Sì, c’è voluto un po’ di tempo. Come a riordinare la mia stanza dal caos semestrale che l’aveva invasa (non ho finito, peraltro).
C’è chi è nella mia vita da poco ma è riuscito a farmi incazzare come non accadeva da tanto tempo. E questo chi non si è ancora accorto che farmi incazzare con una certa durevolezza, a me, a cui dopo cinque minuti la luna storta passa, volente o nolente, non è cosa intelligente né lungimirante. Almeno avrò una valvola di sfogo.

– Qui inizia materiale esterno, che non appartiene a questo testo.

(* For any integers $M,s>0$ there exists $\varepsilon_1(M,s)>0$ such that for every $\varepsilon<\varepsilon_1(M,s)$ and every $L\le M$, there exist linear combinations of the first $L$ eigenfunctions of the Laplacian on $G(s,\varepsilon)$ having exactly $L-1+(L-1)(s-1)$ zeroes on the small edges.
   Context: $G(s,\varepsilon)$ is the star graph with one central vertex, one edge of length $1$ and $s$ edges ("small edges") of length $\varepsilon$, each joining the central vertex to a degree-one vertex. The Laplacian $-\frac{d^2}{dx^2}$ acts edgewise with Dirichlet conditions at the degree-one vertices and Neumann–Kirchhoff conditions at the central vertex (continuity and vanishing sum of outgoing derivatives); eigenvalues are ordered increasingly with multiplicity and $f_1,f_2,\dots$ are corresponding $L^2$-orthogonal eigenfunctions. Zeroes at the degree-one vertices are not counted. *)

theory Defs
  imports "HOL-Analysis.Analysis"
begin

text \<open>A function on the star graph G(s,eps): the long edge is parametrised by [0,1]
  (0 = degree-one vertex, 1 = central vertex); small edge j (j < s) is parametrised
  by [0,eps] (0 = degree-one vertex, eps = central vertex).\<close>
type_synonym gfun = "(real \<Rightarrow> real) \<times> (nat \<Rightarrow> real \<Rightarrow> real)"

definition graph_zero :: "nat \<Rightarrow> real \<Rightarrow> gfun \<Rightarrow> bool" where
  "graph_zero s eps g \<longleftrightarrow>
     (\<forall>x\<in>{0..1}. fst g x = 0) \<and> (\<forall>j<s. \<forall>x\<in>{0..eps}. snd g j x = 0)"

definition graph_eq :: "nat \<Rightarrow> real \<Rightarrow> gfun \<Rightarrow> gfun \<Rightarrow> bool" where
  "graph_eq s eps g h \<longleftrightarrow>
     (\<forall>x\<in>{0..1}. fst g x = fst h x) \<and> (\<forall>j<s. \<forall>x\<in>{0..eps}. snd g j x = snd h j x)"
(* There is a uniform constant $M>0$ such that for every $n\ge1$, every admissible $\boldsymbol\alpha=(\alpha_1,\dots,\alpha_n)$ with inverse branch $h_{\boldsymbol\alpha}=h_{\alpha_1}\circ\dots\circ h_{\alpha_n}$, every unit tangent vector $v$ and every $z\in T^nO_{\boldsymbol\alpha}$, $$|\partial_vJ_{\boldsymbol\alpha}(z)|\le M|J_{\boldsymbol\alpha}(z)|,$$ where $\partial_v$ denotes the directional derivative.
   Context: Fix $d\in\{1,2,3,7,11\}$, $\mathcal O$ the ring of integers of $\mathbb Q(\sqrt{-d})$ ($\mathbb Z[\sqrt{-d}]$ if $d\not\equiv3\bmod4$, $\mathbb Z[\frac{1+\sqrt{-d}}2]$ if $d\equiv3\bmod4$). $I\subset\mathbb C$ is $\{x+iy:|x|\le1/2,|y|\le\sqrt d/2\}$ if $d=1,2$ and $\{x+iy:|x|\le1/2,|y\pm x/\sqrt d|\le\frac{d+1}{4\sqrt d}\}$ if $d=3,7,11$; $I'=I\setminus\bigcup_\beta(I+\beta)$, $\beta\in\{1,\sqrt{-d}\}$ ($d=1,2$) or $\{1,\frac{1\pm\sqrt{-d}}2\}$ ($d=3,7,11$); $[z]\in\mathcal O$ is the unique element with $z-[z]\in I'$. $T(z)=1/z-[1/z]$ ($z\ne0$), $T(0)=0$; digits $\alpha_j(z)=[1/T^{j-1}(z)]$. For $\alpha\in\mathcal O$, $O_\alpha=\{z\in I\setminus\{0\}:[1/z]=\alpha\}$, and for non-empty $O_\alpha$, $h_\alpha:TO_\alpha\to O_\alpha$, $h_\alpha(z)=1/(z+\alpha)$. For $\boldsymbol\alpha\in\mathcal O^n$, $O_{\boldsymbol\alpha}=\{z\in I:\alpha_j(z)=\alpha_j,\ j\le n\}$; $\boldsymbol\alpha$ is admissible if $O_{\boldsymbol\alpha}\ne\emptyset$, and then $h_{\boldsymbol\alpha}:T^nO_{\boldsymbol\alpha}\to O_{\boldsymbol\alpha}$. $J_{\boldsymbol\alpha}$ is the Jacobian determinant of $h_{\boldsymbol\alpha}$ viewed as a map of $\mathbb R^2$, i.e. $J_{\boldsymbol\alpha}(z)=|h_{\boldsymbol\alpha}'(z)|^2$. *)

theory Defs
  imports "HOL-Analysis.Analysis"
begin

text \<open>Generator of the ring of integers of Q(sqrt(-d)).\<close>
definition omega_gen :: "nat \<Rightarrow> complex" where
  "omega_gen d = (if d mod 4 = 3 then (1 + \<i> * of_real (sqrt (real d))) / 2
                  else \<i> * of_real (sqrt (real d)))"

definition ring_O :: "nat \<Rightarrow> complex set" where
  "ring_O d = {of_int a + of_int b * omega_gen d | a b. True}"

definition fund_I :: "nat \<Rightarrow> complex set" where
  "fund_I d = (if d = 1 \<or> d = 2 then
       {z. \<bar>Re z\<bar> \<le> 1/2 \<and> \<bar>Im z\<bar> \<le> sqrt (real d) / 2}
     else
       {z. \<bar>Re z\<bar> \<le> 1/2 \<and>
           \<bar>Im z + Re z / sqrt (real d)\<bar> \<le> (real d + 1) / (4 * sqrt (real d)) \<and>
           \<bar>Im z - Re z / sqrt (real d)\<bar> \<le> (real d + 1) / (4 * sqrt (real d))})"

definition shifts :: "nat \<Rightarrow> complex set" where
  "shifts d = (if d = 1 \<or> d = 2 then {1, \<i> * of_real (sqrt (real d))}
               else {1, (1 + \<i> * of_real (sqrt (real d))) / 2,
                        (1 - \<i> * of_real (sqrt (real d))) / 2})"

definition fund_I' :: "nat \<Rightarrow> complex set" where
  "fund_I' d = fund_I d - (\<Union>\<beta>\<in>shifts d. (\<lambda>w. w + \<beta>) ` fund_I d)"

definition nint :: "nat \<Rightarrow> complex \<Rightarrow> complex" where
  "nint d z = (THE a. a \<in> ring_O d \<and> z - a \<in> fund_I' d)"

definition Tmap :: "nat \<Rightarrow> complex \<Rightarrow> complex" where
  "Tmap d z = (if z = 0 then 0 else 1 / z - nint d (1 / z))"

definition cyl :: "nat \<Rightarrow> complex list \<Rightarrow> complex set" where
  "cyl d as = {z \<in> fund_I d. \<forall>k < length as.
       (Tmap d ^^ k) z \<noteq> 0 \<and> nint d (1 / (Tmap d ^^ k) z) = as ! k}"

definition admissible :: "nat \<Rightarrow> complex list \<Rightarrow> bool" where
  "admissible d as \<longleftrightarrow> cyl d as \<noteq> {}"

definition hmap :: "complex \<Rightarrow> complex \<Rightarrow> complex" where
  "hmap a z = 1 / (z + a)"

definition hbranch :: "complex list \<Rightarrow> complex \<Rightarrow> complex" where
  "hbranch as = foldr (\<lambda>a g. hmap a \<circ> g) as id"

text \<open>Jacobian determinant of h_alpha as a map of R^2: |h_alpha'(z)|^2.\<close>
definition Jac :: "complex list \<Rightarrow> complex \<Rightarrow> real" where
  "Jac as z = (cmod (deriv (hbranch as) z))\<^sup>2"

end

theory Submission
  imports Defs
begin

text \<open>The inverse branch \<open>h\<^sub>\<alpha>\<close> is a Moebius map \<open>w \<mapsto> (a w + b) / (c w + d)\<close> of
  determinant \<open>\<plusminus>1\<close>, so \<open>J\<^sub>\<alpha> = |c w + d|^-4\<close> and \<open>|\<partial>\<^sub>v J\<^sub>\<alpha>(z)| \<le> 4 |c / (c z + d)| J\<^sub>\<alpha>(z)\<close>.
  Adding one digit changes \<open>c / (c z + d)\<close> by \<open>\<plusminus>x / (c z + d)^2\<close>, where \<open>x\<close> is a point of
  the orbit of \<open>h\<^sub>\<alpha>(z)\<close> under \<open>T\<close>, and \<open>1 / (c z + d)\<close> is the product of these orbit points.
  Since \<open>T\<close> maps into \<open>I\<close> (because \<open>I'\<close> is a fundamental domain of the lattice \<open>O\<close>) and \<open>I\<close> lies in
  the disc of radius \<open>r = 19/20\<close>, the increments sum to at most \<open>r / (1 - r^2)\<close>, uniformly
  in \<open>\<alpha>\<close>.\<close>

section \<open>Inverse branches as Moebius maps\<close>

text \<open>\<open>hbranch as\<close> is the Moebius map of the matrix \<open>(a b; c d)\<close> computed below:
  prepending a digit \<open>a\<close> multiplies the matrix on the left by \<open>(0 1; 1 a)\<close>.\<close>

primrec mobius_coeffs :: "complex list \<Rightarrow> complex \<times> complex \<times> complex \<times> complex" where
  "mobius_coeffs [] = (1, 0, 0, 1)"
| "mobius_coeffs (a # bs) =
     (case mobius_coeffs bs of (p, q, r, s) \<Rightarrow> (r, s, p + a * r, q + a * s))"

definition mob_a :: "complex list \<Rightarrow> complex" where "mob_a as = fst (mobius_coeffs as)"
definition mob_b :: "complex list \<Rightarrow> complex" where "mob_b as = fst (snd (mobius_coeffs as))"
definition mob_c :: "complex list \<Rightarrow> complex" where "mob_c as = fst (snd (snd (mobius_coeffs as)))"
definition mob_d :: "complex list \<Rightarrow> complex" where "mob_d as = snd (snd (snd (mobius_coeffs as)))"

lemma mob_Nil [simp]: "mob_a [] = 1" "mob_b [] = 0" "mob_c [] = 0" "mob_d [] = 1"
  by (simp_all add: mob_a_def mob_b_def mob_c_def mob_d_def)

Il mio mese di vacanza è stato un susseguirsi di malsanie e di sentirsi fuori luogo, visite a case in vendita e cercare di stare al passo – concedendosi deliberatamente (questa sì che è una novità) di non riuscirci.
E’ un momento di passaggio strano, la fuga dei cervelli (o dei cuori, in qualche caso) mi sta portando via le colonne portanti della vita, e io, che non son brava con le distanze né con la caparbietà, se riguarda le persone, ho molta paura di perdere pezzi senza saperli riconoscere né tantomeno (e forse questo è bene) rimpiazzare.

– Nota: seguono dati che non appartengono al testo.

(* Let $a,b,c\in\mathbb F$ and $d\in\mathbb N$. If the $\Re$-module $R_d(a,b,c)$ is irreducible, then it is isomorphic to each of $R_d(-a-1,b,c)$, $R_d(a,-b-1,c)$ and $R_d(a,b,-c-1)$.
   Context: $\mathbb F$ is algebraically closed with $\operatorname{char}\mathbb F\ne2$. The Racah algebra $\Re$ is the unital associative $\mathbb F$-algebra with generators $A,B,C,D$ and relations $[A,B]=[B,C]=[C,A]=2D$ together with the requirement that each of $\alpha:=[A,D]+AC-BA$, $\beta:=[B,D]+BA-CB$, $\gamma:=[C,D]+CB-AC$ is central in $\Re$; $\delta:=A+B+C$. For $a,b,c\in\mathbb F$ and $d\in\mathbb N$ set $\theta_i=(a+\tfrac d2-i)(a+\tfrac d2-i+1)$, $\theta_i^*=(b+\tfrac d2-i)(b+\tfrac d2-i+1)$, $\varphi_i=i(i-d-1)(a+b+c+\tfrac d2-i+2)(a+b-c+\tfrac d2-i+1)$. $R_d(a,b,c)$ denotes the $(d+1)$-dimensional $\Re$-module with a basis $v_0,\dots,v_d$ such that $Av_i=\theta_iv_i+v_{i+1}$ ($v_{d+1}=0$), $Bv_i=\theta_i^*v_i+\varphi_iv_{i-1}$ ($v_{-1}=0$), and $\alpha,\beta,\delta$ act as the scalars $(c-b)(c+b+1)(a-\tfrac d2)(a+\tfrac d2+1)$, $(a-c)(a+c+1)(b-\tfrac d2)(b+\tfrac d2+1)$, $\tfrac d2(\tfrac d2+1)+a(a+1)+b(b+1)+c(c+1)$ respectively (exists, unique up to isomorphism). *)

theory Defs
  imports "HOL-Computational_Algebra.Polynomial" "Jordan_Normal_Form.Matrix"
begin

text \<open>The module R_d(a,b,c) is realised on the column space F^(d+1) with
  v_i the i-th standard basis vector (i = 0..d).  The generators A and B act
  by the matrices below; since delta = A + B + C and [A,B] = 2D, the action of
  C is delta*I - A - B and that of D is (AB - BA)/2.\<close>

definition half_d :: "nat \<Rightarrow> 'a::field" where
  "half_d d = of_nat d / 2"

E così mi succede di parlare con le persone e di sentirmi su un altro emisfero rispetto a loro, sempre, ma gli emisferi dovrebbero esser solo due e mi sembra statisticamente improbabile che tutti gli altri si trovino (tutti insieme!) dall’altra parte. Quindi sostenuta dalla logica matematica inappellabile del discorso sono arrivata alla filosofica idea di un mondo fatto di infiniti emisferi.

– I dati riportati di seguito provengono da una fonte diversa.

lemma holomorphic_Taylor_polynomials_uniform:
  fixes f :: "complex \<Rightarrow> complex"
  assumes "f holomorphic_on ball 0 1" "r < 1" "e > 0"
  obtains N where
    "\<forall>w\<in>cball 0 r. cmod (f w - (\<Sum>k<N. fps_nth (fps_expansion f 0) k * w ^ k)) < e"
proof -
  let ?a = "fps_nth (fps_expansion f 0)"
  have "ereal r < ereal 1"
    using assms(2) by simp
  moreover have "ereal 1 \<le> conv_radius ?a"
    using conv_radius_fps_expansion[of f 0 "ereal 1"] assms(1) by (simp add: fps_conv_radius_def)
  ultimately have "ereal r < conv_radius ?a"
    by (fact less_le_trans)
  from powser_uniform_limit[OF this, of 0]
  obtain N where N: "\<forall>w\<in>cball 0 r. dist (\<Sum>k<N. ?a k * w ^ k) (\<Sum>k. ?a k * w ^ k) < e"
    using assms(3) unfolding uniform_limit_sequentially_iff by fastforce
  have "(\<Sum>k. ?a k * w ^ k) = f w" if "w \<in> cball 0 r" for w
    using eval_fps_expansion'[of f 0 "ereal 1" w] assms that by (simp add: eval_fps_def)
  with N show ?thesis
    by (intro that[of N]) (simp add: dist_norm norm_minus_commute)
qed

lemma dilation_uniformly_close:
  fixes f :: "complex \<Rightarrow> complex"
  assumes "continuous_on (cball 0 1) f" "e > 0"
  obtains r where "0 \<le> r" "r < 1" "\<forall>z\<in>cball 0 1. cmod (f (of_real r * z) - f z) < e"
proof -
  obtain d where "d > 0" and d: "\<forall>x\<in>cball 0 1. \<forall>y\<in>cball 0 1. dist y x < d \<longrightarrow> dist (f y) (f x) < e"
    using compact_uniformly_continuous[OF assms(1) compact_cball] assms(2)
    unfolding uniformly_continuous_on_def by metis
  define r where "r = max 0 (1 - d / 2)"
  have r: "0 \<le> r" "r < 1" "1 - r < d"
    using \<open>d > 0\<close> by (auto simp: r_def)
  have "cmod (f (of_real r * z) - f z) < e" if "z \<in> cball 0 1" for z
  proof -
    have "of_real r * z \<in> cball 0 1"
      using r that by (simp add: norm_mult mult_le_one)
    have "dist (of_real r * z) z = cmod (of_real (r - 1) * z)"
      by (simp add: dist_norm algebra_simps)
    also have "\<dots> = (1 - r) * cmod z"
      using r by (simp only: norm_mult norm_of_real) simp
    also have "\<dots> \<le> 1 - r"
      using r that by (simp add: mult_left_le)
    finally have "dist (of_real r * z) z < d"
      using r(3) by linarith
    then show ?thesis
      using d \<open>of_real r * z \<in> cball 0 1\<close> that by (simp add: dist_norm)
  qed
  with r show ?thesis
    using that by blast
qed

lemma approximable_disc_algebra:
  assumes "f \<in> disc_algebra" shows "approximable_on (cball 0 1) Moeb f"
proof (rule approximable_on_uniform_limit)
  fix e :: real assume "e > 0"
  have "continuous_on (cball 0 1) f" "f holomorphic_on ball 0 1"
    using assms by (auto simp: disc_algebra_def)
  obtain r where r: "0 \<le> r" "r < 1" "\<forall>z\<in>cball 0 1. cmod (f (of_real r * z) - f z) < e / 2"
    using dilation_uniformly_close \<open>continuous_on (cball 0 1) f\<close> \<open>e > 0\<close> half_gt_zero by blast
  let ?a = "fps_nth (fps_expansion f 0)"
  obtain N where N: "\<forall>w\<in>cball 0 r. cmod (f w - (\<Sum>k<N. ?a k * w ^ k)) < e / 2"
    using holomorphic_Taylor_polynomials_uniform \<open>f holomorphic_on ball 0 1\<close> r(2) \<open>e > 0\<close>
      half_gt_zero by blast
  define p where "p z = (\<Sum>k<N. (?a k * of_real r ^ k) * z ^ k)" for z
  have "cmod (f z - p z) \<le> e" if "z \<in> cball 0 1" for z
  proof -
    have "of_real r * z \<in> cball 0 r"
      using r that by (simp add: norm_mult mult_left_le)
    then have "cmod (f (of_real r * z) - (\<Sum>k<N. ?a k * (of_real r * z) ^ k)) < e / 2"
      using N by blast
    then have "cmod (f (of_real r * z) - p z) < e / 2"
      by (simp add: p_def power_mult_distrib mult.assoc)
    moreover have "cmod (f z - f (of_real r * z)) < e / 2"
      using r(3) that by (metis norm_minus_commute)
    ultimately show ?thesis
      using norm_diff_triangle_less[of "f z" "f (of_real r * z)" "e / 2" "p z" "e / 2"] by simp
  qed
  moreover have "approximable_on (cball 0 1) Moeb p"
    unfolding p_def by (rule approximable_polynomial)
  ultimately show "\<exists>g. approximable_on (cball 0 1) Moeb g \<and> (\<forall>z\<in>cball 0 1. cmod (f z - g z) \<le> e)"
    by blast
qed

theorem lemma4p6:
  fixes f :: "complex \<Rightarrow> complex" and \<epsilon> :: real
  assumes "f \<in> disc_algebra" and "\<epsilon> > 0"
  shows "\<exists>(n::nat) (c :: nat \<Rightarrow> complex) (\<phi> :: nat \<Rightarrow> complex \<Rightarrow> complex).
           (\<forall>i<n. \<phi> i \<in> Moeb) \<and>
           (\<forall>z\<in>cball 0 1. cmod (f z - (\<Sum>i<n. c i * \<phi> i z)) \<le> \<epsilon>)"
proof -
  obtain h where "lincomb_of Moeb h" "\<forall>z\<in>cball 0 1. cmod (f z - h z) \<le> \<epsilon>"
    using approximable_disc_algebra[OF assms(1)] assms(2) unfolding approximable_on_def by blast
  then show ?thesis
    unfolding lincomb_of_def by blast
qed

end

E non vorrei star qui a teorizzare queste cialtronerie, io, vorrei una rete di persone che ti aggancia e non ti lascia scivolare via, io, e in parte ce l’ho pure, è che certe volte gli eventi ti sorprendono e non sei pronta e se anche le cose belle ci sono, tu le vedi poco.
E ti rifugi nell’unico luogo sicuro che è rimasto a parte il salotto di casa nel nordest, e l’unico luogo sicuro è paradossalmente quello che è stato causa del maggior male, in questo duemilatredici.
‘finirà pure, questo cazzo di duemilatredici’
‘eh’
E ti trovi in un abbraccio che sa di un emisfero simile, se non lo stesso, ma non può esser questa la sola ragione per continuare a stare in questo limbo, tenendoti un alibi in tasca per quando non riesci a buttarti, quando stai ai margini, e guardi da lontano senza fare nulla (come se servisse, un alibi).
‘a me non mi sembra proprio di avere venticinque anni’
‘perché?’
‘ho vissuto troppo poco, non posso avere già venticinque anni’
Non può essere un bacio a salvarci, magari una scelta, il coraggio di una decisione, magari quello sì, ma se le cose stanno così, se questo porto sicuro (e non sono solo io, a percepirlo come tale) non vale abbastanza, è ora di mettersi il cappotto nuovo. E andare fuori.